A lot of the financial crime alerts generated today – whether using traditional technology or newer AI-based solutions – are found to be ‘false positives’, once we investigate them. Machines are pretty good at generating the kinds of alerts we want to see, but not yet that good at zeroing in on the subset that represent genuine suspicious activity. Some vendors, though, are making big improvements here.

One key determinant of the success of AI/ML in financial crime is the availability of a feedback loop – between the reporting of suspicious activity and the confirmation that the reported activity was indeed a true instance of financial crime. In areas where accurate and timely feedback is available – such as fraud – this allows banks to deploy AI effectively. In other areas such as anti-money laundering, where law enforcement departments may not share their final verdict on the reports made to them by banks, this lack of ‘ground truth’ impacts the ability to train AI/ML models effectively.

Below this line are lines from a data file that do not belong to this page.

lemma g_transport:
  assumes "\<tau> \<ge> 0" and h: "h > 0"
  shows "k \<tau> h = (fI - \<delta> * h) * g_dh \<tau> h + (\<beta> - q * mort h) * g \<tau> h + c * h"
proof -
  let ?k' = "\<lambda>\<sigma>. (\<beta> - q * mort h) * k \<sigma> h + (fI - \<delta> * h) * k_dh \<sigma> h"
  have "(?k' has_integral k \<tau> h - k 0 h) {0..\<tau>}"
  proof (rule fundamental_theorem_of_calculus[OF assms(1)])
    show "((\<lambda>s. k s h) has_vector_derivative ?k' \<sigma>) (at \<sigma> within {0..\<tau>})" if "\<sigma> \<in> {0..\<tau>}" for \<sigma>
      unfolding has_real_derivative_iff_has_vector_derivative[symmetric]
      using that h by (intro DERIV_k_s) auto
  qed
  moreover have "(?k' has_integral (\<beta> - q * mort h) * g \<tau> h + (fI - \<delta> * h) * g_dh \<tau> h) {0..\<tau>}"
    unfolding g_def g_dh_def using assms
    by (intro has_integral_add has_integral_mult_right integrable_integral integrable_continuous_real
        continuous_on_slice[OF continuous_on_k] continuous_on_slice[OF continuous_on_k_dh]) auto
  ultimately have "k \<tau> h - k 0 h = (\<beta> - q * mort h) * g \<tau> h + (fI - \<delta> * h) * g_dh \<tau> h"
    by (rule has_integral_unique)
  then show ?thesis
    by (simp add: algebra_simps)
qed

lemma H2_eq_flow: "H2 \<delta> fI t h s = flow (s - t) h"
  by (simp add: H2_def flow_def)

lemma MH2_eq_mort_flow: "MH2 m0 m1 \<kappa> \<delta> fI t h s = mort (flow (s - t) h)"
  by (simp add: MH2_def H2_eq_flow mort_def)

lemma set_integral_MH2:
  assumes "t \<le> s" and "h > 0"
  shows "(LINT u:{t..s}|lborel. MH2 m0 m1 \<kappa> \<delta> fI t h u) = Lambda (s - t) h"
  unfolding MH2_eq_mort_flow Lambda_def using assms
  by (intro set_integral_Icc_shift continuous_on_slice[OF continuous_on_mort_flow]) auto

lemma set_integral_discount_rate:
  assumes "t \<le> s" and "h > 0"
  shows "(LINT u:{t..s}|lborel. \<rho> + MH2 m0 m1 \<kappa> \<delta> fI t h u) = \<rho> * (s - t) + Lambda (s - t) h"
proof -
  have mort_flow: "continuous_on {0..s - t} (\<lambda>v. mort (flow v h))"
    using assms by (intro continuous_on_slice[OF continuous_on_mort_flow]) auto
  then have "(LINT u:{t..s}|lborel. \<rho> + MH2 m0 m1 \<kappa> \<delta> fI t h u) = integral {0..s - t} (\<lambda>v. \<rho> + mort (flow v h))"
    unfolding MH2_eq_mort_flow by (intro set_integral_Icc_shift continuous_intros)
  also have "\<dots> = \<rho> * (s - t) + Lambda (s - t) h"
    using assms mort_flow by (subst integral_add) (auto simp: Lambda_def integrable_continuous_real)
  finally show ?thesis .
qed

lemma discounted_utility_pathwise:
  assumes "\<alpha> > 0" and p: "p = \<alpha> / (\<alpha> - 1)" and \<theta>: "\<theta> = (\<mu> - r) / \<sigma>"
    and c: "c = (1 - \<alpha>) / \<alpha> powr p" and q: "q = 1 - p"
    and "t \<le> s" and "z > 0" and "h > 0"
  shows "exp (- (LINT u:{t..s}|lborel. \<rho> + MH2 m0 m1 \<kappa> \<delta> fI t h u))
      * u_hat \<alpha> (Z2 B r \<mu> \<sigma> \<rho> m0 m1 \<kappa> \<delta> fI t z h s \<omega>) (H2 \<delta> fI t h s)
    = z powr p * c * exp ((- \<rho> + p * (\<rho> - r) - p * \<theta>\<^sup>2 / 2) * (s - t) - q * Lambda (s - t) h)
      * flow (s - t) h * exp (- p * \<theta> * (B s \<omega> - B t \<omega>))"
proof -
  define X where "X = (\<rho> - r) * (s - t) + Lambda (s - t) h - \<theta>\<^sup>2 / 2 * (s - t) - \<theta> * (B s \<omega> - B t \<omega>)"
  have Z: "Z2 B r \<mu> \<sigma> \<rho> m0 m1 \<kappa> \<delta> fI t z h s \<omega> = z * exp X"
    unfolding Z2_def X_def \<theta> using assms by (simp add: set_integral_MH2)
  have U: "u_hat \<alpha> (z * exp X) y = c * z powr p * exp (X * p) * y" for y
    unfolding u_hat_def c p[symmetric] using assms by (simp add: powr_divide powr_mult exp_powr_real)
  have "- (\<rho> * (s - t) + Lambda (s - t) h) + X * p
      = (- \<rho> + p * (\<rho> - r) - p * \<theta>\<^sup>2 / 2) * (s - t) - q * Lambda (s - t) h + - p * \<theta> * (B s \<omega> - B t \<omega>)"
    unfolding X_def q by (simp add: algebra_simps)
  then have "exp (- (\<rho> * (s - t) + Lambda (s - t) h)) * exp (X * p)
      = exp ((- \<rho> + p * (\<rho> - r) - p * \<theta>\<^sup>2 / 2) * (s - t) - q * Lambda (s - t) h) * exp (- p * \<theta> * (B s \<omega> - B t \<omega>))"
    by (simp flip: exp_add)
  then show ?thesis
    unfolding set_integral_discount_rate[OF assms(6,8)] Z U H2_eq_flow by (simp add: algebra_simps)
qed

lemma W_fun_closed_form:
  assumes "prob_space M" and "std_brownian_motion M B"
    and "\<alpha> > 0" and p: "p = \<alpha> / (\<alpha> - 1)" and \<theta>: "\<theta> = (\<mu> - r) / \<sigma>"
    and \<beta>: "\<beta> = - \<rho> + p * (\<rho> - r) + \<theta>\<^sup>2 * p * (p - 1) / 2"
    and c: "c = (1 - \<alpha>) / \<alpha> powr p" and q: "q = 1 - p"
    and t: "0 \<le> t" "t \<le> T" and "z > 0" and h: "h > 0"
  shows "W_fun M B T r \<mu> \<sigma> \<rho> m0 m1 \<kappa> \<delta> \<alpha> fI t z h = z powr p * g (T - t) h"
proof -
  define D where "D s = z powr p * c * exp ((- \<rho> + p * (\<rho> - r) - p * \<theta>\<^sup>2 / 2) * (s - t) - q * Lambda (s - t) h)
      * flow (s - t) h" for s
  have "continuous_on {0..T - t} (\<lambda>v. Lambda v h)"
    using h by (intro continuous_on_slice[OF continuous_on_Lambda]) auto
  then have "continuous_on {t..T} (\<lambda>s. Lambda (s - t) h)"
    by (rule continuous_on_compose2) (auto intro!: continuous_intros)
  then have D_cont: "continuous_on {t..T} D"
    unfolding D_def by (intro continuous_intros)
  have "W_fun M B T r \<mu> \<sigma> \<rho> m0 m1 \<kappa> \<delta> \<alpha> fI t z h
      = (\<integral>\<omega>. (LINT s:{t..T}|lborel. D s * exp (- p * \<theta> * (B s \<omega> - B t \<omega>))) \<partial>M)"
    unfolding W_fun_def D_def using assms
    by (intro Bochner_Integration.integral_cong set_lebesgue_integral_cong)
      (auto simp: discounted_utility_pathwise)
  also have "\<dots> = (LINT s:{t..T}|lborel. D s * exp ((- p * \<theta>)\<^sup>2 * (s - t) / 2))"
    using assms(1,2) t(1) D_cont by (rule expectation_set_integral_exp_increment)
  also have "\<dots> = (LINT s:{t..T}|lborel. z powr p * k (s - t) h)"
  proof (intro set_lebesgue_integral_cong allI impI)
    fix s
    have "exp ((- \<rho> + p * (\<rho> - r) - p * \<theta>\<^sup>2 / 2) * (s - t) - q * Lambda (s - t) h) * exp ((- p * \<theta>)\<^sup>2 * (s - t) / 2)
        = exp (\<beta> * (s - t) - q * Lambda (s - t) h)"
      unfolding \<beta> by (simp add: power2_eq_square field_simps flip: exp_add)
    then show "D s * exp ((- p * \<theta>)\<^sup>2 * (s - t) / 2) = z powr p * k (s - t) h"
      unfolding D_def k_def by (simp add: algebra_simps)
  qed simp
  also have "\<dots> = z powr p * g (T - t) h"
    unfolding g_def using t h
    by (simp add: set_integral_Icc_shift[where f = "\<lambda>v. k v h"] continuous_on_slice[OF continuous_on_k])
  finally show ?thesis .
qed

On how AI/ML can become trustworthy in this regulated part of the industry

If you can persuade (stakeholders) about the effectiveness of your AI/ML solution by comparing “before and after”, and it’s compelling, then that should be good enough. You still have to be able to explain all the elements of the system, but we shouldn’t be focusing all the time on how to do stuff, we should be focusing on what we want to achieve. The conversation we should be having on AI is not “this is what my machine does”, but “ what can it do for me”. 

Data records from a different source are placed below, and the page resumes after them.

lemma has_radius_lca:
  assumes "\<forall>k<n. \<forall>l<n. support_within r (M k l)"
  shows "has_radius r (lca p n M)"
  unfolding has_radius_def
proof (intro allI impI)
  fix m and c c' :: configuration assume "agree (m + r) c c'"
  then have "agree (m + r) (\<lambda>i. c i l) (\<lambda>i. c' i l)" for l
    unfolding agree_def by auto
  then have "agree m (laurent_act (M k l) (\<lambda>i. c i l)) (laurent_act (M k l) (\<lambda>i. c' i l))"
    if "k < n" "l < n" for k l
    using has_radius_laurent_act[of r "M k l"] assms that unfolding has_radius_def by blast
  then show "agree m (lca p n M c) (lca p n M c')"
    unfolding agree_def lca_apply by (auto intro!: ext sum.cong)
qed

locale companion_lca =
  fixes p :: int and n :: nat and \<alpha> :: "nat \<Rightarrow> laurent"
  assumes p_gt_1: "p > 1" and n_gt_1: "n > 1" and laurent_poly_\<alpha>: "\<forall>i<n. laurent_poly p (\<alpha> i)"
begin

definition C :: "nat \<Rightarrow> nat \<Rightarrow> laurent" where
  "C = companion p n (\<lambda>i. lp_neg p (\<alpha> i))"

definition F :: "configuration \<Rightarrow> configuration" where
  "F = lca p n C"

definition G :: "configuration \<Rightarrow> configuration" where
  "G = lca p n (\<lambda>k l. C l k)"

lemma C_last: "k < n \<Longrightarrow> C k (n - 1) = \<alpha> k"
  unfolding C_def companion_def using lp_neg_lp_neg laurent_poly_\<alpha> by simp

lemma C_less: "l < n - 1 \<Longrightarrow> C k l = (if k = l + 1 then lp_one else lp_zero)"
  unfolding C_def companion_def by simp

lemma laurent_act_C_less:
  "l < n - 1 \<Longrightarrow> laurent_act (C k l) u i = (if k = l + 1 then u i else 0)"
  by (simp add: C_less laurent_act_lp_one laurent_act_lp_zero)

lemma sum_lessThan_split_last: "(\<Sum>l<n. f l) = (\<Sum>l<n - 1. f l) + f (n - 1)"
  using n_gt_1 by (cases n) simp_all

lemma F_apply:
  "F x i k = (if k < n then
     ((if 0 < k then x i (k - 1) else 0) + laurent_act (\<alpha> k) (\<lambda>i. x i (n - 1)) i) mod p else 0)"
proof (cases "k < n")
  case True
  have "(\<Sum>l<n - 1. laurent_act (C k l) (\<lambda>i. x i l) i) = (\<Sum>l<n - 1. if k = l + 1 then x i l else 0)"
    by (simp add: laurent_act_C_less)
  also have "\<dots> = (\<Sum>l<n - 1. if l = k - 1 \<and> 0 < k then x i l else 0)"
    by (rule sum.cong) auto
  also have "\<dots> = (if 0 < k then x i (k - 1) else 0)"
    using True by (simp add: sum.delta) arith
  finally have "(\<Sum>l<n. laurent_act (C k l) (\<lambda>i. x i l) i) =
      (if 0 < k then x i (k - 1) else 0) + laurent_act (\<alpha> k) (\<lambda>i. x i (n - 1)) i"
    using True by (simp only: sum_lessThan_split_last C_last)
  with True show ?thesis unfolding F_def lca_apply by simp
qed (simp add: F_def lca_apply)

lemma G_apply_less: "k < n - 1 \<Longrightarrow> G y i k = y i (k + 1) mod p"
  by (simp add: G_def lca_apply laurent_act_C_less sum.delta)

lemma G_apply_last: "G y i (n - 1) = (\<Sum>l<n. laurent_act (\<alpha> l) (\<lambda>i. y i l) i) mod p"
proof -
  have "laurent_act (C l (n - 1)) (\<lambda>i. y i l) i = laurent_act (\<alpha> l) (\<lambda>i. y i l) i" if "l < n" for l
    using C_last[OF that] by simp
  then show ?thesis using n_gt_1 unfolding G_def lca_apply by simp
qed

lemma G_apply_ge: "n \<le> k \<Longrightarrow> G y i k = 0"
  by (simp add: G_def lca_apply)

lemma config_F: "config p n (F x)"
  using config_lca p_gt_1 unfolding F_def by simp

lemma config_G: "config p n (G x)"
  using config_lca p_gt_1 unfolding G_def by simp

lemma config_funpow_F: "config p n x \<Longrightarrow> config p n ((F ^^ k) x)"
  by (cases k) (simp_all add: config_F)

lemma config_mod: "config p n x \<Longrightarrow> k < n \<Longrightarrow> x i k mod p = x i k"
  unfolding config_def by simp

lemma has_radius_F:
  assumes "\<forall>l<n. support_within r (\<alpha> l)"
  shows "has_radius r F"
  unfolding F_def
proof (rule has_radius_lca, intro allI impI)
  fix k l assume "k < n" "l < n"
  then show "support_within r (C k l)"
    using assms C_last[of k] C_less[of l k]
    by (cases "l = n - 1") (auto simp: support_within_def lp_one_def lp_zero_def)
qed

definition orbit_last :: "configuration \<Rightarrow> nat \<Rightarrow> int \<Rightarrow> int" where
  "orbit_last x q = (\<lambda>i. (F ^^ q) x i (n - 1))"

text \<open>Step q + 1 feeds alpha_(j + 1 + q - K) applied to orbit_last x q into coordinate
  j + 1 + q - K, from where the remaining K - 1 - q steps shift it up to coordinate j.\<close>

lemma funpow_F_apply:
  assumes "config p n x" "j < n"
  shows "(F ^^ K) x i j = ((if K \<le> j then x i (j - K) else 0)
     + (\<Sum>q | q < K \<and> K \<le> j + 1 + q. laurent_act (\<alpha> (j + 1 + q - K)) (orbit_last x q) i)) mod p"
  using assms(2)
proof (induction K arbitrary: j)
  case 0
  then show ?case using config_mod[OF assms(1)] by simp
next
  case (Suc K)
  have "(F ^^ Suc K) x i j =
      ((if 0 < j then (F ^^ K) x i (j - 1) else 0) + laurent_act (\<alpha> j) (orbit_last x K) i) mod p"
    using Suc.prems unfolding orbit_last_def by (simp add: F_apply)
  also have "\<dots> = ((if Suc K \<le> j then x i (j - Suc K) else 0)
     + (\<Sum>q | q < Suc K \<and> Suc K \<le> j + 1 + q. laurent_act (\<alpha> (j + 1 + q - Suc K)) (orbit_last x q) i)) mod p"
  proof (cases "0 < j")
    case True
    have set: "{q. q < Suc K \<and> Suc K \<le> j + 1 + q} = insert K {q. q < K \<and> K \<le> j - 1 + 1 + q}"
      using True by auto
    have "(\<Sum>q | q < Suc K \<and> Suc K \<le> j + 1 + q. laurent_act (\<alpha> (j + 1 + q - Suc K)) (orbit_last x q) i)
        = laurent_act (\<alpha> j) (orbit_last x K) i
          + (\<Sum>q | q < K \<and> K \<le> j - 1 + 1 + q. laurent_act (\<alpha> (j - 1 + 1 + q - K)) (orbit_last x q) i)"
      unfolding set using True by simp
    moreover have "(if K \<le> j - 1 then x i (j - 1 - K) else 0) = (if Suc K \<le> j then x i (j - Suc K) else 0)"
      using True by auto
    ultimately show ?thesis
      using True Suc.IH[of "j - 1"] Suc.prems by (simp add: mod_add_left_eq mod_add_right_eq add_ac)
  next
    case False
    then have "{q. q < Suc K \<and> Suc K \<le> j + 1 + q} = {K}" by auto
    with False show ?thesis by simp
  qed
  finally show ?case .
qed

lemma funpow_F_n_last:
  assumes "config p n x"
  shows "(F ^^ n) x i (n - 1) = (\<Sum>l<n. laurent_act (\<alpha> l) (orbit_last x l) i) mod p"
proof -
  have "{q. q < n \<and> n \<le> n - 1 + 1 + q} = {..<n}" using n_gt_1 by auto
  then show ?thesis using funpow_F_apply[OF assms, of "n - 1" n] n_gt_1 by simp
qed

lemma funpow_F_last:
  assumes "config p n x" "k < n"
  shows "(F ^^ (n - 1 - k)) x i (n - 1) =
    (x i k + (\<Sum>q<n - 1 - k. laurent_act (\<alpha> (k + 1 + q)) (orbit_last x q) i)) mod p"
proof -
  have "{q. q < n - 1 - k \<and> n - 1 - k \<le> n - 1 + 1 + q} = {..<n - 1 - k}" by auto
  moreover have "n - 1 + 1 + q - (n - 1 - k) = k + 1 + q" for q using assms(2) by simp
  ultimately show ?thesis
    using funpow_F_apply[OF assms(1), of "n - 1" "n - 1 - k"] assms(2) n_gt_1 by (simp add: ac_simps)
qed

definition \<Phi> :: "configuration \<Rightarrow> configuration" where
  "\<Phi> x = (\<lambda>i k. if k < n then orbit_last x k i else 0)"

text \<open>Solving funpow_F_last for x i k inverts \<Phi>.\<close>

definition \<Psi> :: "configuration \<Rightarrow> configuration" where
  "\<Psi> z = (\<lambda>i k. if k < n then
     (z i (n - 1 - k) - (\<Sum>q<n - 1 - k. laurent_act (\<alpha> (k + 1 + q)) (\<lambda>i. z i q) i)) mod p else 0)"

lemma config_\<Phi>: "config p n x \<Longrightarrow> config p n (\<Phi> x)"
  using config_funpow_F n_gt_1 unfolding config_def \<Phi>_def orbit_last_def by auto

lemma config_\<Psi>: "config p n (\<Psi> z)"
  using p_gt_1 unfolding config_def \<Psi>_def by auto

lemma \<Phi>_F:
  assumes "config p n x"
  shows "\<Phi> (F x) = G (\<Phi> x)"
proof (intro ext)
  fix i k
  consider "k < n - 1" | "k = n - 1" | "n \<le> k" by linarith
  then show "\<Phi> (F x) i k = G (\<Phi> x) i k"
  proof cases
    case 1
    have "G (\<Phi> x) i k = (F ^^ Suc k) x i (n - 1) mod p"
      using 1 by (simp add: G_apply_less \<Phi>_def orbit_last_def)
    also have "\<dots> = (F ^^ Suc k) x i (n - 1)"
      using config_mod[OF config_F] n_gt_1 by simp
    finally show ?thesis using 1 by (simp add: \<Phi>_def orbit_last_def funpow_swap1)
  next
    case 2
    have "(F ^^ n) x = F ((F ^^ (n - 1)) x)" using n_gt_1 by (cases n) simp_all
    then have "\<Phi> (F x) i k = (F ^^ n) x i (n - 1)"
      using 2 n_gt_1 by (simp add: \<Phi>_def orbit_last_def funpow_swap1)
    also have "\<dots> = G (\<Phi> x) i k"
      unfolding funpow_F_n_last[OF assms] 2 G_apply_last by (simp add: \<Phi>_def orbit_last_def)
    finally show ?thesis .
  next
    case 3
    then show ?thesis by (simp add: G_apply_ge \<Phi>_def)
  qed
qed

As an industry, we have got a lot of historical data about the performance of our financial crime control processes over many years. So benchmarking the “before and after”, parallel running or testing can demonstrate whether or not things are improving – quicker, smarter, faster or better in any other meaningful way. Once this is done, the next conversation is around how to ensure it is solid and does not fall over; that it can be understood, and that it can be operated by a highly regulated institution. 

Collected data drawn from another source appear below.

lemma sum_community_pairs:
  assumes "\<forall>i<N. \<forall>k<K. Z i k = 0 \<or> Z i k = 1" "\<forall>i<N. (\<Sum>k<K. Z i k) = (1 :: real)"
  shows "(\<Sum>k<K. \<Sum>l<K. \<Sum>i<N. \<Sum>j\<in>{i<..<N}. Z i k * Z j l * f k l i j)
    = (\<Sum>i<N. \<Sum>j\<in>{i<..<N}. f (comm K Z i) (comm K Z j) i j)"
proof -
  let ?g = "\<lambda>k l i j. Z i k * Z j l * f k l i j"
  have "(\<Sum>k<K. \<Sum>l<K. \<Sum>i<N. \<Sum>j\<in>{i<..<N}. ?g k l i j)
      = (\<Sum>k<K. \<Sum>i<N. \<Sum>l<K. \<Sum>j\<in>{i<..<N}. ?g k l i j)"
    by (rule sum.cong[OF refl], rule sum.swap)
  also have "\<dots> = (\<Sum>i<N. \<Sum>k<K. \<Sum>j\<in>{i<..<N}. \<Sum>l<K. ?g k l i j)"
    by (subst sum.swap, rule sum.cong[OF refl], rule sum.cong[OF refl], rule sum.swap)
  also have "\<dots> = (\<Sum>i<N. \<Sum>j\<in>{i<..<N}. \<Sum>k<K. Z i k * (\<Sum>l<K. Z j l * f k l i j))"
    by (rule sum.cong[OF refl], subst sum.swap) (simp add: sum_distrib_left mult.assoc)
  also have "\<dots> = (\<Sum>i<N. \<Sum>j\<in>{i<..<N}. f (comm K Z i) (comm K Z j) i j)"
  proof (intro sum.cong refl)
    fix i j assume "i \<in> {..<N}" "j \<in> {i<..<N}"
    then have "i < N" "j < N" by auto
    then show "(\<Sum>k<K. Z i k * (\<Sum>l<K. Z j l * f k l i j)) = f (comm K Z i) (comm K Z j) i j"
      by (simp add: sum_community_select[OF assms])
  qed
  finally show ?thesis .
qed

section \<open>Excess risk\<close>

lemma Omega_abs_Sig_less_1:
  assumes "Omega N M K cl cu rho D T inv_supp mu Sig Z" "D < 1"
    and "i < N" "j < N" "b < d" "d < M"
  shows "\<bar>Sig b d (comm K Z i) (comm K Z j)\<bar> < 1"
proof -
  have "comm K Z i < K" "comm K Z j < K"
    using assms comm_row_indicator[of K Z i] comm_row_indicator[of K Z j] by (auto simp: Omega_def)
  with assms have "\<bar>Sig b d (comm K Z i) (comm K Z j)\<bar> \<le> D"
    by (auto simp: Omega_def)
  with \<open>D < 1\<close> show ?thesis by simp
qed

definition expected_Lkl ::
  "nat \<Rightarrow> nat \<Rightarrow> nat \<Rightarrow> (nat \<Rightarrow> nat \<Rightarrow> nat \<Rightarrow> real) \<Rightarrow> (nat \<Rightarrow> nat \<Rightarrow> nat \<Rightarrow> nat \<Rightarrow> real) \<Rightarrow>
    (nat \<Rightarrow> nat \<Rightarrow> real) \<Rightarrow> (nat \<Rightarrow> nat \<Rightarrow> nat \<Rightarrow> real) \<Rightarrow> (nat \<Rightarrow> nat \<Rightarrow> nat \<Rightarrow> nat \<Rightarrow> real) \<Rightarrow>
    (nat \<Rightarrow> nat \<Rightarrow> real) \<Rightarrow> nat \<Rightarrow> nat \<Rightarrow> real" where
  "expected_Lkl N M K mu0 Sig0 Z0 mu Sig Z k l =
     (\<Sum>i<N. \<Sum>j\<in>{i<..<N}. \<Sum>b<M. \<Sum>d\<in>{b<..<M}. Z i k * Z j l *
        expected_pair_loglik (mu0 b (comm K Z0 i) (comm K Z0 j)) (mu0 d (comm K Z0 i) (comm K Z0 j))
          (Sig0 b d (comm K Z0 i) (comm K Z0 j)) (mu b k l) (mu d k l) (Sig b d k l))"

lemma has_bochner_integral_Lkl:
  assumes P: "prob_space P"
    and noise: "\<And>i j b d. i < j \<Longrightarrow> j < N \<Longrightarrow> b < d \<Longrightarrow> d < M \<Longrightarrow>
      distributed P lborel (\<lambda>w. (eps i j b w, eps i j d w))
        (\<lambda>p. ennreal (binormal_density (Sig0 b d (comm K Z0 i) (comm K Z0 j)) p))"
    and corr: "\<And>i j b d. i < j \<Longrightarrow> j < N \<Longrightarrow> b < d \<Longrightarrow> d < M \<Longrightarrow>
      \<bar>Sig0 b d (comm K Z0 i) (comm K Z0 j)\<bar> < 1"
  shows "has_bochner_integral P (\<lambda>w. Lkl N M mu Sig Z (Adj K mu0 Z0 eps w) k l)
    (expected_Lkl N M K mu0 Sig0 Z0 mu Sig Z k l)"
proof -
  have Lkl_eq: "Lkl N M mu Sig Z A k l = (\<Sum>i<N. \<Sum>j\<in>{i<..<N}. \<Sum>b<M. \<Sum>d\<in>{b<..<M}.
      Z i k * Z j l * pair_loglik (mu b k l) (mu d k l) (Sig b d k l) (A b i j) (A d i j))" for A
    by (simp add: Lkl_def pair_loglik_def)
  show ?thesis
    unfolding Lkl_eq expected_Lkl_def
  proof (intro has_bochner_integral_sum has_bochner_integral_mult_right)
    fix i j b d assume "i \<in> {..<N}" "j \<in> {i<..<N}" "b \<in> {..<M}" "d \<in> {b<..<M}"
    then have ijbd: "i < j" "j < N" "b < d" "d < M" by auto
    then show "has_bochner_integral P
      (\<lambda>w. pair_loglik (mu b k l) (mu d k l) (Sig b d k l)
        (Adj K mu0 Z0 eps w b i j) (Adj K mu0 Z0 eps w d i j))
      (expected_pair_loglik (mu0 b (comm K Z0 i) (comm K Z0 j)) (mu0 d (comm K Z0 i) (comm K Z0 j))
        (Sig0 b d (comm K Z0 i) (comm K Z0 j)) (mu b k l) (mu d k l) (Sig b d k l))"
      unfolding Adj_def
      using has_bochner_integral_pair_loglik[OF P corr[OF ijbd] noise[OF ijbd]] by simp
  qed
qed

lemma sum_expected_Lkl:
  assumes "\<forall>i<N. \<forall>k<K. Z i k = 0 \<or> Z i k = 1" "\<forall>i<N. (\<Sum>k<K. Z i k) = 1"
  shows "(\<Sum>k<K. \<Sum>l<K. expected_Lkl N M K mu0 Sig0 Z0 mu Sig Z k l)
    = (\<Sum>i<N. \<Sum>j\<in>{i<..<N}. \<Sum>b<M. \<Sum>d\<in>{b<..<M}.
        expected_pair_loglik (mu0 b (comm K Z0 i) (comm K Z0 j)) (mu0 d (comm K Z0 i) (comm K Z0 j))
          (Sig0 b d (comm K Z0 i) (comm K Z0 j))
          (mu b (comm K Z i) (comm K Z j)) (mu d (comm K Z i) (comm K Z j))
          (Sig b d (comm K Z i) (comm K Z j)))"
  unfolding expected_Lkl_def sum_distrib_left[symmetric] by (rule sum_community_pairs[OF assms])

On why working in financial crime can be rewarding for data professionals

Working in a regulated institution need not be a bad experience. It creates a framework for being able to do wonderful things, with some incredibly smart people, fantastic resources and technology and lots of data. This is where the action is – a fantastically interesting ecosystem where you make a real difference with your work. And because of that, they’re regulated. That’s good!

October 12th was Ada Lovelace day, (the week we discussed these matters) which is a day that seeks to represent all the women involved in science, technology, engineering, and maths. Ada is considered to be the first computer programmer in the world. But what’s really interesting about her is that she wasn’t just a mathematician, which talent she acquired from her accomplished mother, but she was also the daughter of Lord Byron, a very famous English poet, and she brought some of her poetry and imagination to her science. 

I love that idea of our data scientists, also being poets and having imagination. The great thing of working in the financial crime space is it’s not just about numbers, it’s also about people, about things, and about imagining what’s going on. Every day, there’s something new to think about and to enjoy. So come on board, enjoy it. It’s a wonderful journey.